There will certainly need to be standards for homeless people who wish to live in the small shelters, Reid said, and he suggested that they could earn their keep by picking up trash or performing gardening work in the area of their shelters. Reid has other ambitious plans for improving the living conditions of the city’s homeless population, including a proposal to take over the historic Armory building on Mission Street and convert it into a shelter for 500 homeless veterans. There are hundreds of other vacant buildings in the city that could be converted into affordable housing or housing for the homeless, too, he said.

Reid has drawn up plans for mini, modular apartment complexes that combine a number of Shelter-One-type units. Such structures could be built on a handful of parking spaces in a church parking lot, for example, he said. And he has created designs for Shelter-Two, a 20-by-20 home suitable for two people, and Shelter-Three, a 30-by-30 unit that could house a small family.

Like many residents in San Francisco, Reid is not a homeowner. Though he may never be able to afford the typical home on the market in San Francisco, Reid said he would never leave the city. “I would become homeless before I would leave,” he said. If small homes like Shelter-One are allowed in the city, Reid said he and others could experience home ownership for the first time. “It’s the American Dream, shrunken.”

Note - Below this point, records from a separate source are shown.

text \<open>
  Since \<Lambda> is Lagrangian, C^n is the direct sum of \<Lambda> and i\<Lambda>; since \<Lambda>' is transversal
  to \<Lambda>, it is the graph {S y + i y | y \<in> \<Lambda>} of a linear map S of \<Lambda>, and the Lagrangian
  condition on \<Lambda>' makes S self-adjoint. An eigenbasis \<phi>_k of S with eigenvalues \<mu>_k
  therefore satisfies \<mu>_k \<phi>_k + i \<phi>_k \<in> \<Lambda>', so the Hermitian products g_k = (\<phi>_k, f) are
  real on the lower edge of the strip and lie in cis \<theta>_k \<real> on the upper edge, where
  \<theta>_k = Arg (\<mu>_k + i) \<in> (0, \<pi>). Together they control the norm of f.

  For such a scalar g, Cauchy's formula for the kernel \<pi> exp (-\<theta> w) / (1 - exp (-\<pi> w))
  centred at z, minus the conjugate of Cauchy's theorem for the same kernel centred at the
  reflected point cnj z, expresses g z through the two vertical sides alone: the boundary
  conditions make the contributions of the horizontal sides cancel. On the vertical sides the
  kernel is O(exp (-\<theta> d)) to the right and O(exp (-(\<pi> - \<theta>) d)) to the left of z, d being
  the horizontal distance, which yields decay at the rate min \<theta>_k (\<pi> - \<theta>_k).
\<close>

section \<open>A kernel for the strip\<close>

text \<open>
  \<pi> / (1 - exp (-\<pi> w)) has simple poles of residue 1 at the points 2ki; the factor
  exp (-\<theta> w) multiplies its 2i-periodicity by cis (2\<theta>), which matches the rotated
  boundary condition on the upper edge.
\<close>
definition strip_kernel :: "real \<Rightarrow> complex \<Rightarrow> complex" where
  "strip_kernel \<theta> w = of_real pi * exp (- of_real \<theta> * w) / (1 - exp (- of_real pi * w))"

lemma strip_kernel_cnj: "cnj (strip_kernel \<theta> w) = strip_kernel \<theta> (cnj w)"
  by (simp add: strip_kernel_def exp_cnj)

lemma strip_kernel_shift: "strip_kernel \<theta> (w - 2 * \<i>) = cis (2 * \<theta>) * strip_kernel \<theta> w"
proof -
  have "exp (- of_real \<theta> * (w - 2 * \<i>)) = exp (- of_real \<theta> * w) * cis (2 * \<theta>)"
    by (simp add: cis_conv_exp algebra_simps flip: exp_add)
  moreover have "- of_real pi * (w - 2 * \<i>) = - of_real pi * w + 2 * of_real pi * \<i>"
    by (simp add: algebra_simps)
  then have "exp (- of_real pi * (w - 2 * \<i>)) = exp (- of_real pi * w)"
    by (simp only: exp_add exp_two_pi_i mult_1_right)
  ultimately show ?thesis
    by (simp add: strip_kernel_def)
qed

lemma exp_minus_pi_mult_eq_1_imp_zero:
  assumes "exp (- of_real pi * w) = 1" and "\<bar>Im w\<bar> < 2"
  shows "w = 0"
proof -
  obtain n :: int where "Re w = 0" and "- Im w * pi = of_int (2 * n) * pi"
    using assms(1) by (auto simp: exp_eq_1 mult.commute)
  then have "- Im w = of_int (2 * n)"
    by (metis mult_cancel_right pi_neq_zero)
  with assms(2) have "n = 0"
    by linarith
  with \<open>Re w = 0\<close> \<open>- Im w = of_int (2 * n)\<close> show "w = 0"
    by (simp add: complex_eq_iff)
qed

lemma holomorphic_on_strip_kernel:
  assumes "\<And>w. w \<in> T \<Longrightarrow> \<bar>Im (w - c)\<bar> < 2 \<and> w \<noteq> c"
  shows "(\<lambda>w. strip_kernel \<theta> (w - c)) holomorphic_on T"
  unfolding strip_kernel_def
  using assms exp_minus_pi_mult_eq_1_imp_zero by (intro holomorphic_intros) force

lemma norm_strip_kernel_le_right:
  assumes "1 \<le> Re w"
  shows "norm (strip_kernel \<theta> w) \<le> pi * exp (- \<theta> * Re w) / (1 - exp (- pi))"
proof -
  have "1 - exp (- pi) \<le> 1 - norm (exp (- of_real pi * w))"
    using assms by simp
  also have "\<dots> \<le> norm (1 - exp (- of_real pi * w))"
    by (metis norm_one norm_triangle_ineq2)
  finally have "1 - exp (- pi) \<le> norm (1 - exp (- of_real pi * w))" .
  moreover have "0 < 1 - exp (- pi)"
    by simp
  ultimately show ?thesis
    by (auto simp: strip_kernel_def norm_divide norm_mult intro!: frac_le)
qed

lemma norm_strip_kernel_le_left:
  assumes "Re w \<le> -1"
  shows "norm (strip_kernel \<theta> w) \<le> pi * exp ((pi - \<theta>) * Re w) / (1 - exp (- pi))"
proof -
  have "exp (- pi * Re w) * (1 - exp (- pi)) \<le> exp (- pi * Re w) * (1 - exp (pi * Re w))"
    using mult_left_mono[OF assms, of pi] by (intro mult_left_mono) auto
  also have "\<dots> = norm (exp (- of_real pi * w)) - 1"
    by (simp add: algebra_simps flip: exp_add)
  also have "\<dots> \<le> norm (1 - exp (- of_real pi * w))"
    by (metis norm_minus_commute norm_one norm_triangle_ineq2)
  finally have "exp (- pi * Re w) * (1 - exp (- pi)) \<le> norm (1 - exp (- of_real pi * w))" .
  moreover have "0 < exp (- pi * Re w) * (1 - exp (- pi))"
    by simp
  ultimately have "norm (strip_kernel \<theta> w) \<le> pi * exp (- \<theta> * Re w) / (exp (- pi * Re w) * (1 - exp (- pi)))"
    by (auto simp: strip_kernel_def norm_divide norm_mult intro!: frac_le)
  also have "\<dots> = pi * exp ((pi - \<theta>) * Re w) / (1 - exp (- pi))"
  proof -
    have "(pi - \<theta>) * Re w = - \<theta> * Re w - (- pi * Re w)"
      by algebra
    then have "exp ((pi - \<theta>) * Re w) = exp (- \<theta> * Re w) / exp (- pi * Re w)"
      by (simp only: exp_diff)
    then show ?thesis
      by simp
  qed
  finally show ?thesis .
qed

lemma strip_kernel_residue: "((\<lambda>w. w * strip_kernel \<theta> w) \<longlongrightarrow> 1) (at 0)"
proof -
  have "((\<lambda>w::complex. 1 - exp (- of_real pi * w)) has_field_derivative of_real pi) (at 0)"
    by (auto intro!: derivative_eq_intros)
  then have "((\<lambda>w::complex. (1 - exp (- of_real pi * w)) / w) \<longlongrightarrow> of_real pi) (at 0)"
    unfolding has_field_derivative_iff by simp
  then have "((\<lambda>w::complex. of_real pi * exp (- of_real \<theta> * w) / ((1 - exp (- of_real pi * w)) / w))
      \<longlongrightarrow> of_real pi * exp (- of_real \<theta> * 0) / of_real pi) (at 0)"
    by (intro tendsto_intros) auto
  then have "((\<lambda>w::complex. of_real pi * exp (- of_real \<theta> * w) / ((1 - exp (- of_real pi * w)) / w))
      \<longlongrightarrow> 1) (at 0)"
    by simp
  then show ?thesis
    by (rule Lim_transform_within[OF _ zero_less_one]) (simp add: strip_kernel_def field_simps)
qed

lemma strip_kernel_removable:
  obtains h where "h holomorphic_on {w. \<bar>Im (w - z)\<bar> < 2}" and "h z = 1"
    and "\<And>w. \<bar>Im (w - z)\<bar> < 2 \<Longrightarrow> w \<noteq> z \<Longrightarrow> h w = (w - z) * strip_kernel \<theta> (w - z)"
proof -
  define U where "U = {w. \<bar>Im (w - z)\<bar> < 2}"
  have "open U"
    unfolding U_def by (intro open_Collect_less continuous_intros)
  have "(\<lambda>w. (w - z) * strip_kernel \<theta> (w - z)) holomorphic_on U - {z}"
    by (intro holomorphic_intros holomorphic_on_strip_kernel) (auto simp: U_def)
  moreover have "((\<lambda>w. (w - z) * strip_kernel \<theta> (w - z)) \<longlongrightarrow> 1) (at z)"
    using strip_kernel_residue[of \<theta>] by (simp add: LIM_offset_zero_iff)
  ultimately have "(\<lambda>w. if w = z then 1 else (w - z) * strip_kernel \<theta> (w - z)) holomorphic_on U"
    using \<open>open U\<close> by (intro removable_singularity)
  then show ?thesis
    unfolding U_def by (rule that) auto
qed

lemma cis_double_mult_cnj:
  assumes "Im (cnj (cis \<theta>) * u) = 0"
  shows "cis (2 * \<theta>) * cnj u = u"
proof -
  define r where "r = cnj (cis \<theta>) * u"
  have "cnj r = r"
    using assms by (simp add: r_def complex_eq_iff)
  have "cis \<theta> * cnj (cis \<theta>) = 1"
    by (simp add: cis_cnj cis_mult)
  then have u: "u = cis \<theta> * r"
    by (simp add: r_def mult.assoc[symmetric])
  have "cis (2 * \<theta>) * cnj u = (cis (2 * \<theta>) * cis (- \<theta>)) * r"
    using \<open>cnj r = r\<close> by (simp add: u cis_cnj)
  also have "\<dots> = u"
    by (simp add: cis_mult u)
  finally show ?thesis .
qed

lemma strip_kernel_reflect_lower_edge:
  assumes "Im w = 0" "Im u = 0"
  shows "u * strip_kernel \<theta> (w - z) = cnj (u * strip_kernel \<theta> (w - cnj z))"
proof -
  have "cnj u = u" "cnj w = w"
    using assms by (simp_all add: complex_eq_iff)
  then show ?thesis
    by (simp add: strip_kernel_cnj)
qed

lemma strip_kernel_reflect_upper_edge:
  assumes "Im w = 1" "Im (cnj (cis \<theta>) * u) = 0"
  shows "u * strip_kernel \<theta> (w - z) = cnj (u * strip_kernel \<theta> (w - cnj z))"
proof -
  have "cnj w - z = (w - z) - 2 * \<i>"
    using assms(1) by (simp add: complex_eq_iff)
  then have "strip_kernel \<theta> (cnj w - z) = cis (2 * \<theta>) * strip_kernel \<theta> (w - z)"
    by (simp only: strip_kernel_shift)
  with cis_double_mult_cnj[OF assms(2)] show ?thesis
    by (simp add: strip_kernel_cnj mult.assoc[symmetric] mult.commute)
qed

section \<open>Scalar functions on a strip of width one\<close>

lemma contour_integral_rectpath:
  assumes "continuous_on (path_image (rectpath a1 a3)) f"
  defines "a2 \<equiv> Complex (Re a3) (Im a1)" and "a4 \<equiv> Complex (Re a1) (Im a3)"
  shows "contour_integral (rectpath a1 a3) f =
    contour_integral (linepath a1 a2) f + contour_integral (linepath a2 a3) f +
    contour_integral (linepath a3 a4) f + contour_integral (linepath a4 a1) f"
proof -
  have rect: "rectpath a1 a3 = linepath a1 a2 +++ linepath a2 a3 +++ linepath a3 a4 +++ linepath a4 a1"
    by (simp add: rectpath_def a2_def a4_def Let_def)
  have image: "path_image (rectpath a1 a3) =
      closed_segment a1 a2 \<union> closed_segment a2 a3 \<union> closed_segment a3 a4 \<union> closed_segment a4 a1"
    unfolding rect by (simp add: path_image_join Un_assoc)
  have side: "(f has_contour_integral contour_integral (linepath p q) f) (linepath p q)"
    if "closed_segment p q \<subseteq> path_image (rectpath a1 a3)" for p q
    using continuous_on_subset[OF assms(1) that]
    by (intro has_contour_integral_integral contour_integrable_continuous_linepath)
  have "(f has_contour_integral
      contour_integral (linepath a1 a2) f + (contour_integral (linepath a2 a3) f +
      (contour_integral (linepath a3 a4) f + contour_integral (linepath a4 a1) f))) (rectpath a1 a3)"
    unfolding rect by (intro has_contour_integral_join side valid_path_join) (auto simp: image)
  then show ?thesis
    by (simp add: contour_integral_unique add.assoc)
qed

lemma contour_integral_strip_rectpath:
  assumes "a \<le> b" and F: "continuous_on (path_image (rectpath (Complex a 0) (Complex b 1))) F"
  defines "H \<equiv> \<lambda>y. contour_integral (linepath (Complex a y) (Complex b y)) F"
    and "V \<equiv> \<lambda>x. contour_integral (linepath (Complex x 0) (Complex x 1)) F"
  shows "contour_integral (rectpath (Complex a 0) (Complex b 1)) F = H 0 + V b - H 1 - V a"
proof -
  have "closed_segment (Complex a 1) (Complex b 1) \<subseteq> path_image (rectpath (Complex a 0) (Complex b 1))"
    "closed_segment (Complex a 0) (Complex a 1) \<subseteq> path_image (rectpath (Complex a 0) (Complex b 1))"
    using \<open>a \<le> b\<close> by (auto simp: path_image_rectpath_cbox_minus_box closed_segment_same_Im
        closed_segment_same_Re closed_segment_eq_real_ivl in_cbox_complex_iff in_box_complex_iff)
  then have "H 1 = - contour_integral (linepath (Complex b 1) (Complex a 1)) F"
    "V a = - contour_integral (linepath (Complex a 1) (Complex a 0)) F"
    unfolding H_def V_def by (auto intro: contour_integral_reverse_linepath continuous_on_subset[OF F])
  then show ?thesis
    using contour_integral_rectpath[OF F] by (simp add: H_def V_def)
qed

lemma contour_integral_linepath_cnj:
  assumes "Im p = Im q" and "g contour_integrable_on linepath p q"
    and "\<And>w. w \<in> closed_segment p q \<Longrightarrow> f w = cnj (g w)"
  shows "contour_integral (linepath p q) f = cnj (contour_integral (linepath p q) g)"
proof -
  obtain I where "(g has_contour_integral I) (linepath p q)"
    using assms(2) by (auto simp: contour_integrable_on_def)
  then have "((\<lambda>x. g (linepath p q x) * (q - p)) has_integral I) {0..1}"
    by (simp add: has_contour_integral_linepath)
  moreover have "cnj (q - p) = q - p"
    using assms(1) by (simp add: complex_eq_iff)
  ultimately have "((cnj \<circ> (\<lambda>x. g (linepath p q x) * (q - p))) has_integral cnj I) {0..1}"
    by (simp only: has_integral_cnj)
  then have "((\<lambda>x. f (linepath p q x) * (q - p)) has_integral cnj I) {0..1}"
  proof (rule has_integral_eq[rotated])
    fix x :: real assume "x \<in> {0..1}"
    then have "linepath p q x \<in> closed_segment p q"
      by (rule linepath_in_path)
    with assms(3) \<open>cnj (q - p) = q - p\<close>
    show "(cnj \<circ> (\<lambda>x. g (linepath p q x) * (q - p))) x = f (linepath p q x) * (q - p)"
      by simp
  qed
  then have "(f has_contour_integral cnj I) (linepath p q)"
    by (simp add: has_contour_integral_linepath)
  with \<open>(g has_contour_integral I) (linepath p q)\<close> show ?thesis
    by (simp add: contour_integral_unique)
qed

He added, “What (high home prices) do is imprison people in rental housing. That’s not good for society. There are people who are natives born in this city who can’t afford to live here. What are we going to do?”

Though he is a visionary, Reid is also realistic. He said the affordable-housing problem can’t be solved in isolation. “If you don’t address parking and traffic and housing simultaneously you are not going to solve the problem,” he said. “Migration went out to the suburbs for awhile. What we need to do is make big cities into wonderful places to live. We need to pool humans back into big cities.”

A blue plaque on the front door of the prototype shelter carries a quote from anthropologist Margaret Mead, “Never doubt that a small group of thoughtful, committed citizens can change the world; Indeed, it’s the only thing that ever has.”

For Reid, this one tiny prototype embodies some very big ideas.